When Windows 11 was introduced with its TPM 2.0 mandate, a considerable number of otherwise functional PCs found themselves unable to upgrade. This situation has led millions to either remain on Windows 10 or seek alternative methods to bypass the requirement. Microsoft has been systematically dismantling these workarounds, and the recent move to block the product server method, while perhaps overdue, is a notable step in this ongoing effort.

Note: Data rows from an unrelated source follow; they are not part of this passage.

(* For each integer $n\geq 2$, the Kneser graph $K(n,2)$ satisfies $\operatorname{tww}(K(n,2))=\operatorname{lb}_1(K(n,2))$, and this value equals $2(n-3)$ if $n\geq 5$ and $0$ otherwise.
   Context: All graphs are finite and simple. The Kneser graph $K(n,2)$ has vertex set the 2-element subsets of $\{1,\dots,n\}$, two vertices being adjacent iff they are disjoint. A trigraph is a graph whose edges are each colored red or black; a graph is viewed as a trigraph with all edges black; the red degree of a vertex is the number of red edges incident to it. For a partition $\mathcal{P}$ of $V(G)$, the quotient trigraph $G/\mathcal{P}$ has vertex set $\mathcal{P}$; two distinct parts $U,W$ are joined by a black edge if every pair $\{u,w\}$ with $u\in U,w\in W$ is a black edge of $G$, are non-adjacent if no such pair is an edge, and are joined by a red edge otherwise. A contraction sequence of an $N$-vertex trigraph $G$ is a sequence $\mathcal{P}_N,\dots,\mathcal{P}_1$ of partitions of $V(G)$ where $\mathcal{P}_N$ is the partition into singletons and each $\mathcal{P}_i$ arises from $\mathcal{P}_{i+1}$ by merging two parts; its width is the maximum red degree over all $G/\mathcal{P}_i$, and $\operatorname{tww}(G)$ is the minimum width of a contraction sequence. For $|V(G)|\geq 2$, $\operatorname{lb}_1(G)$ is the minimum over all 2-element subsets $\{u,v\}\subseteq V(G)$ of the maximum red degree of $G/\mathcal{P}$ where $\mathcal{P}$ has $\{u,v\}$ as its only non-singleton part; $\operatorname{lb}_1(G)=0$ if $|V(G)|=1$. *)

theory Defs
  imports Main "HOL-Library.Disjoint_Sets"
begin

text \<open>A (simple) graph is given by a finite vertex set V and a symmetric irreflexive
adjacency relation E; as a trigraph all its edges are black.\<close>

definition red_adj :: "('a \<Rightarrow> 'a \<Rightarrow> bool) \<Rightarrow> 'a set \<Rightarrow> 'a set \<Rightarrow> bool" where
  "red_adj E U W \<longleftrightarrow> U \<noteq> W \<and> (\<exists>u\<in>U. \<exists>w\<in>W. E u w) \<and> \<not> (\<forall>u\<in>U. \<forall>w\<in>W. E u w)"

definition red_deg :: "('a \<Rightarrow> 'a \<Rightarrow> bool) \<Rightarrow> 'a set set \<Rightarrow> 'a set \<Rightarrow> nat" where
  "red_deg E P U = card {W \<in> P. red_adj E U W}"

definition max_red_deg :: "('a \<Rightarrow> 'a \<Rightarrow> bool) \<Rightarrow> 'a set set \<Rightarrow> nat" where
  "max_red_deg E P = Max (insert 0 (red_deg E P ` P))"

definition singletons :: "'a set \<Rightarrow> 'a set set" where
  "singletons V = (\<lambda>x. {x}) ` V"
lemma length_le_sum_hits:
  assumes "finite S" "\<forall>M\<in>set Ms. set M \<inter> S \<noteq> {}"
  shows "length Ms \<le> (\<Sum>s\<in>S. length (filter (\<lambda>M. s \<in> set M) Ms))"
  using assms(2)
proof (induction Ms)
  case Nil
  then show ?case by simp
next
  case (Cons M Ms)
  have "1 \<le> card (set M \<inter> S)"
    using Cons.prems assms(1) by (simp add: Suc_leI card_gt_0_iff)
  also have "\<dots> = (\<Sum>s\<in>S. if s \<in> set M then 1 else 0)"
    using assms(1) by (simp add: sum.If_cases Int_commute)
  moreover have "(\<Sum>s\<in>S. length (filter (\<lambda>M'. s \<in> set M') (M # Ms))) =
      (\<Sum>s\<in>S. if s \<in> set M then 1 else 0) + (\<Sum>s\<in>S. length (filter (\<lambda>M'. s \<in> set M') Ms))"
    by (auto simp: sum.distrib[symmetric] intro: sum.cong)
  ultimately show ?case using Cons by simp
qed

lemma no_hitting_set_sound:
  assumes "no_hitting_set B k Ms" "finite S" "card S \<le> k"
    and "\<forall>s\<in>S. length (filter (\<lambda>M. s \<in> set M) Ms) \<le> B"
  shows "\<exists>M\<in>set Ms. set M \<inter> S = {}"
  using assms
proof (induction B k Ms arbitrary: S rule: no_hitting_set.induct)
  case (1 B k)
  then show ?case by simp
next
  case (2 B M Ms)
  then show ?case by auto
next
  case (3 B k M Ms)
  show ?case
  proof (rule ccontr)
    assume "\<not> ?thesis"
    then have hit: "\<forall>M'\<in>set (M # Ms). set M' \<inter> S \<noteq> {}" by blast
    show False
    proof (cases "B * Suc k < length (M # Ms)")
      case True
      have "length (M # Ms) \<le> (\<Sum>s\<in>S. length (filter (\<lambda>M'. s \<in> set M') (M # Ms)))"
        using length_le_sum_hits[OF "3.prems"(2) hit] .
      also have "\<dots> \<le> card S * B" using "3.prems"(4) sum_bounded_above by fastforce
      also have "\<dots> \<le> B * Suc k" using "3.prems"(3) by (metis mult.commute mult_le_mono1)
      finally show False using True by simp
    next
      case False
      obtain s where s: "s \<in> set M" "s \<in> S" using hit by auto
      let ?Ms' = "filter (\<lambda>M'. s \<notin> set M') (M # Ms)"
      have "no_hitting_set B k ?Ms'"
        using "3.prems"(1) False s(1) by (simp add: list_all_iff)
      moreover have "length (filter (\<lambda>M'. s' \<in> set M') ?Ms') \<le> B" if "s' \<in> S" for s'
      proof -
        have "filter (\<lambda>M'. s' \<in> set M') ?Ms' =
            filter (\<lambda>M'. s \<notin> set M') (filter (\<lambda>M'. s' \<in> set M') (M # Ms))"
          by (simp add: filter_filter conj_commute)
        then show ?thesis using "3.prems"(4) that by (metis length_filter_le order_trans)
      qed
      ultimately obtain M' where "M' \<in> set ?Ms'" "set M' \<inter> (S - {s}) = {}"
        using "3.IH"[OF False s(1), of "S - {s}"] "3.prems"(2,3) s(2) by force
      then have "M' \<in> set (M # Ms)" "set M' \<inter> S = {}" unfolding set_filter by blast+
      then show False using hit by blast
    qed
  qed
qed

Previously, Microsoft had implemented checks during the installation process to identify modern CPU instructions. This meant that even if users managed to circumvent the TPM 2.0 requirement, older CPUs would still prevent installation. As it stands, the new block is currently only present in the Insider program version of Windows. Users running Windows 11 on non-compliant hardware should remain unaffected for now. However, it is likely just a matter of time before this restriction is rolled out in a standard update, potentially rendering systems that relied on the product server method inoperable.
Another point of interest is whether Rufus, a popular tool for Windows installations, employs this method to bypass Secure Boot and TPM 2.0. While the specifics remain uncertain, it’s reasonable to assume that resourceful individuals will continue to discover alternative solutions to navigate the TPM dilemma. However, given Microsoft’s gradual approach to eliminating these workarounds, there may be no immediate cause for concern.